В восемнадцать лет я уехала на восток, в колледж. Джорджтаунский университет в городе Вашингтон, округ Колумбия, был настоящим раем для алкоголиков. Университетским спортом в те времена было конное поло. Чтобы попасть на игру, полагалось принести с собой фляжку – а то и тащить целую сумку-холодильник, забитую выпивкой. Высшим шиком считалось стоять в метре от беспокойно перебирающих копытами поло-пони и изысканно потягивать вино или что покрепче. Тогда же, после белого вина, разбавленного содовой, со мной случилось первое алкогольное затмение. Это такой период, когда пьяный человек внешне ведет себя нормально, но мозг при этом не записывает в память ничего из происходящего с ним. Подобные отключки могут длиться от нескольких секунд до нескольких дней. Разумеется, ни о чем подобном я даже не подозревала.
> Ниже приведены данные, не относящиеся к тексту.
text \<open>If \<open>K2\<close> has finite index in \<open>H \<supseteq> K1\<close>, then \<open>K1 \<inter> K2\<close> has finite index in \<open>K1\<close>:
  each coset of \<open>K2\<close> meeting \<open>K1\<close> meets it in a coset of \<open>K1 \<inter> K2\<close>.\<close>

lemma finitely_covered_restrict:
  assumes K1: "subgroup K1 G" and K2: "subgroup K2 G" and "K1 \<subseteq> H" "H \<subseteq> carrier G"
    and "finitely_covered G H K2"
  shows "finitely_covered G K1 (K1 \<inter> K2)"
proof -
  obtain F where F: "finite F" "F \<subseteq> H" "H \<subseteq> (\<Union>f\<in>F. K2 #> f)"
    using assms(5) unfolding finitely_covered_def by blast
  define meets where "meets = {f \<in> F. (K2 #> f) \<inter> K1 \<noteq> {}}"
  define rep where "rep = (\<lambda>f. SOME z. z \<in> (K2 #> f) \<inter> K1)"
  have rep: "rep f \<in> (K2 #> f) \<inter> K1" if m: "f \<in> meets" for f
  proof -
    obtain z where "z \<in> (K2 #> f) \<inter> K1" using m unfolding meets_def by blast
    then show ?thesis unfolding rep_def by (rule someI)
  qed
  have "K1 \<subseteq> (\<Union>z\<in>rep ` meets. (K1 \<inter> K2) #> z)"
  proof
    fix y assume y: "y \<in> K1"
    then obtain f where f: "f \<in> F" "y \<in> K2 #> f" using F(3) assms(3) by blast
    then have m: "f \<in> meets" unfolding meets_def using y by blast
    have "f \<in> carrier G" using f(1) F(2) assms(4) by blast
    then have "(K2 #> f) \<inter> K1 = (K2 \<inter> K1) #> rep f"
      using rcos_Int_subgroup[OF K2 K1] rep[OF m] by blast
    then show "y \<in> (\<Union>z\<in>rep ` meets. (K1 \<inter> K2) #> z)"
      using m f(2) y by (auto simp: Int_commute)
  qed
  moreover have "finite (rep ` meets)" unfolding meets_def using F(1) by simp
  moreover have "rep ` meets \<subseteq> K1" using rep by blast
  ultimately show ?thesis unfolding finitely_covered_def by blast
qed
Выглядело все примерно так: вот я стою на остановке, жду машину, которая отвезет нас всех на игру, и потягиваю холодное вино, а в следующий момент оказываюсь на заднем сиденье школьного автобуса – уже по дороге домой после игры – и разговариваю с каким-то незнакомым парнем, который тоже явно чем-то закинулся. Помню, как он на полном серьезе уверял меня, что девственность – «возобновляемая опция», что через пять лет она восстанавливается. Потом этот парень стал священником, и я часто шутила: мол, такая «осведомленность» для католического батюшки – в порядке вещей.
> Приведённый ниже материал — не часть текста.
(* Suppose nature draws $\bar g$ uniformly at random from $\mathcal{G}_{2k+1}$. Let $\mathcal{D}$ be the distribution of $(\bm{x},y)$ with $\bm{x}\sim\mathrm{Unif}[-1,1]^p$ and $y=\bar g(\bm{x})+\epsilon$, where $\epsilon\sim N(0,\sigma_\epsilon^2)$ is independent of $\bm{x}$. The learner observes $n$ i.i.d. samples from $\mathcal{D}$. For $g\in\mathcal{G}_{2k+1}$ define $h_g(\bm{x},y)=\frac12(y-g(\bm{x}))^2$, and let $\mathcal{H}_{2k+1}=\{h_g : g\in\mathcal{G}_{2k+1}\}$. Set $\bar h=h_{\bar g}$, and let $\hat h=h_{\hat g}$ for any estimator $\hat g$, i.e. any function of the sample taking values in $\mathcal{G}_{2k+1}$. If $$n\le\Big(\log\Big(q^{k+1}\binom{p}{k+1}\Big)-2\log2\Big)\frac{\sigma_\epsilon^2}{2},$$ then with probability at least $\tfrac12$, $$\mathbb{E}_{\mathcal{D}}[\hat h]-\mathbb{E}_{\mathcal{D}}[\bar h]\ge1,$$ where $\mathbb{E}_\mathcal{D}[h]=\mathbb{E}_{(\bm{x},y)\sim\mathcal{D}}[h(\bm{x},y)]$ is computed with $\hat g$ held fixed.
   Context: For $i=1,\dots,q$ let $\phi_i(z)=\sqrt2\cos(i\pi z)$ on $[-1,1]$. Let $p,q,k$ be positive integers with $k+1\le p$. $\mathcal{G}_{2k+1}$ is the set of functions $g_\mathcal{A}(\bm{x})=\prod_{(i,j)\in\mathcal{A}}\phi_i(x_j)$ on $[-1,1]^p$, where $\mathcal{A}\subseteq\{1,\dots,q\}\times\{1,\dots,p\}$ satisfies: - $|\mathcal{A}|\le k+1$; - no two elements of $\mathcal{A}$ share the same second coordinate $j$. The empty product is the constant $1$. *)

theory Defs
  imports "HOL-Probability.Probability"
begin

definition phi :: "nat \<Rightarrow> real \<Rightarrow> real" where
  "phi i z = sqrt 2 * cos (real i * pi * z)"

text \<open>Points of [-1,1]^p are functions nat => real, with coordinates 1..p.\<close>
definition admissible :: "nat \<Rightarrow> nat \<Rightarrow> nat \<Rightarrow> (nat \<times> nat) set \<Rightarrow> bool" where
  "admissible p q k A \<longleftrightarrow> A \<subseteq> {1..q} \<times> {1..p} \<and> card A \<le> k + 1 \<and> inj_on snd A"

definition gA :: "(nat \<times> nat) set \<Rightarrow> (nat \<Rightarrow> real) \<Rightarrow> real" where
  "gA A x = (\<Prod>(i,j)\<in>A. phi i (x j))"

definition Gcls :: "nat \<Rightarrow> nat \<Rightarrow> nat \<Rightarrow> ((nat \<Rightarrow> real) \<Rightarrow> real) set" where
  "Gcls p q k = gA ` {A. admissible p q k A}"

definition X_dist :: "nat \<Rightarrow> (nat \<Rightarrow> real) measure" where
  "X_dist p = PiM {1..p} (\<lambda>_. uniform_measure lborel {-1..1::real})"

text \<open>Noise N(0, sigma^2), sigma the standard deviation.\<close>
definition noise :: "real \<Rightarrow> real measure" where
  "noise \<sigma> = density lborel (normal_density 0 \<sigma>)"

definition obs_space :: "nat \<Rightarrow> ((nat \<Rightarrow> real) \<times> real) measure" where
  "obs_space p = PiM {1..p} (\<lambda>_. borel) \<Otimes>\<^sub>M borel"

definition D_dist :: "nat \<Rightarrow> real \<Rightarrow> ((nat \<Rightarrow> real) \<Rightarrow> real) \<Rightarrow> ((nat \<Rightarrow> real) \<times> real) measure" where
  "D_dist p \<sigma> g = distr (X_dist p \<Otimes>\<^sub>M noise \<sigma>) (obs_space p) (\<lambda>(x, e). (x, g x + e))"

definition sample_space :: "nat \<Rightarrow> nat \<Rightarrow> (nat \<Rightarrow> (nat \<Rightarrow> real) \<times> real) measure" where
  "sample_space n p = PiM {..<n} (\<lambda>_. obs_space p)"

definition sample_dist :: "nat \<Rightarrow> nat \<Rightarrow> real \<Rightarrow> ((nat \<Rightarrow> real) \<Rightarrow> real) \<Rightarrow> (nat \<Rightarrow> (nat \<Rightarrow> real) \<times> real) measure" where
  "sample_dist n p \<sigma> g = PiM {..<n} (\<lambda>_. D_dist p \<sigma> g)"

definition hloss :: "((nat \<Rightarrow> real) \<Rightarrow> real) \<Rightarrow> (nat \<Rightarrow> real) \<times> real \<Rightarrow> real" where
  "hloss g = (\<lambda>(x, y). (y - g x)\<^sup>2 / 2)"

definition risk :: "((nat \<Rightarrow> real) \<times> real) measure \<Rightarrow> ((nat \<Rightarrow> real) \<Rightarrow> real) \<Rightarrow> real" where
  "risk D g = (\<integral>z. hloss g z \<partial>D)"

end

theory Submission
  imports Defs
begin

text \<open>Distinct members of the class are orthonormal in \<open>L\<^sup>2\<close> of the uniform law on
  \<open>[-1,1]\<^sup>p\<close>, so a wrong guess \<open>ghat \<noteq> g\<close> costs exactly one unit of excess risk, and the
  statement says that on average over \<open>g\<close> the estimator identifies \<open>g\<close> with probability at
  most \<open>1/2\<close>. Relative to the pure-noise sample law \<open>Q\<close>, the sample law under \<open>g\<close> has density
  \<open>\<Prod>i. exp ((2 y\<^sub>i g(x\<^sub>i) - g(x\<^sub>i)\<^sup>2) / (2\<sigma>\<^sup>2))\<close> and Kullback--Leibler divergence
  \<open>n / (2\<sigma>\<^sup>2)\<close>. Fano's argument bounds \<open>c \<cdot> P\<^sub>g(E) \<le> KL + ln (1 + (exp c - 1) Q(E))\<close> with
  \<open>c = ln M\<close>, \<open>M\<close> the size of the class, and sums over the disjoint events \<open>{ghat = g}\<close>:
  the average success probability is at most \<open>1/2\<close> once \<open>n / (2\<sigma>\<^sup>2) + ln 2 \<le> ln M / 2\<close>, which
  the sample-size hypothesis gives because \<open>M \<ge> q ^ (k + 1) * (p choose (k + 1))\<close>.\<close>

section \<open>Orthonormality of the class\<close>

abbreviation Unif :: "real measure" where
  "Unif \<equiv> uniform_measure lborel {-1..1}"

lemma prob_space_Unif: "prob_space Unif"
  by (rule prob_space_uniform_measure) auto

lemma integral_Unif:
  fixes f :: "real \<Rightarrow> real"
  assumes [measurable]: "f \<in> borel_measurable borel"
  shows "(\<integral>x. f x \<partial>Unif) = (\<integral>x. f x * indicator {-1..1} x \<partial>lborel) / 2"
proof -
  have "Unif = density lborel (\<lambda>x. ennreal (indicator {-1..1::real} x / 2))"
    unfolding uniform_measure_def
    by (intro density_cong) (auto simp: indicator_def ennreal_divide_numeral[symmetric] divide_ennreal_def)
  then show ?thesis
    by (simp add: integral_density mult.commute)
qed

lemma integral_cos_int_pi:
  fixes m :: int
  shows "(\<integral>x. cos (m * pi * x) * indicator {-1..1} x \<partial>lborel) = (if m = 0 then 2 else 0)"
proof (cases "m = 0")
  case True
  then show ?thesis
    using integral_FTC_Icc_real[of "-1" 1 "\<lambda>x. x" "\<lambda>x. 1"] by (auto intro!: derivative_eq_intros)
next
  case False
  have "(\<integral>x. cos (m * pi * x) * indicator {-1..1} x \<partial>lborel)
      = sin (m * pi * 1) / (m * pi) - sin (m * pi * (-1)) / (m * pi)"
    using False by (intro integral_FTC_Icc_real) (auto intro!: derivative_eq_intros simp: field_simps)
  also have "\<dots> = 0"
    using sin_zero_iff_int2[of "m * pi"] by auto
  finally show ?thesis using False by simp
qed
В Джорджтауне, студентов которого готовили к дипломатической службе, веяния шестидесятых аккуратно игнорировались. Никакого узелкового батика и дредов. Никаких вареных джинсов. Вместо всего этого мы носили коктейльные платья и учились вести вежливые застольные беседы. У нас не было такого понятия, как «пустые разговоры», только «пустые головы». Меня учили поддерживать диалог с кем угодно о чем угодно. В дополнение к беседам обычно шли коктейли, и я быстро переключилась на них с вина, разведенного содовой. Любимым моим напитком стал скотч – виски J&B со льдом. Третий бокал обычно ударял в голову, словно духовное прозрение, накрывая меня волной благожелательности и доброты. Под действием J&B мир становился дружелюбным и жутко интересным. Люди, впрочем, тоже. Говорят, алкоголь разрушает все внутренние запреты человека – и так оно и есть. Пьяной я радостно рассталась с девственностью – с высоким и красивым молодым актером. Пьяной я чувствовала себя той самой роковой женщиной, которой так стремилась стать. С бокалом скотча в руке я становилась космополиткой, гражданином мира. Секс стал возможным, даже ожидаемым – вот так фокус для примерной католички. Как раз и противозачаточные таблетки появились. Помню, что первый рецепт на них я получила с помощью одного весьма практичного священника-иезуита: он прекрасно понял мою проблему и решил, что таблетки – это все-таки лучше, чем нежелательная беременность. Да благословит Господь иезуитов и их «ситуативную этику»!
Я входила в университетскую театральную труппу «Маски и шуты». Это было сборище недотеп и белых ворон, зачитывавшихся Эдвардом Олби и Гарольдом Пинтером. Под пристальным надзором профессора Донна Мёрфи я ежегодно исполняла канкан в самой середине других танцовщиц на традиционном университетском мюзикле – который мы придумывали сами. Неприличные костюмы, еще более неприличные тексты песен… Наплевав на консервативно-иезуитское воспитание, мы ставили даже такие пьесы, как «Марат/Сад». Именно в «Масках и шутах» я познакомилась с Джеком Хофсиссом – будущим режиссером и лауреатом премии «Тони» за легендарную постановку на Бродвее пьесы «Человек-слон», а тогда – всего лишь долговязым нескладным парнем. Именно в «Масках и шутах» я стала другом и доверенным лицом Трея Монга – позже он прославился как режиссер гей-порнографии под псевдонимом Кристофер Рейдж.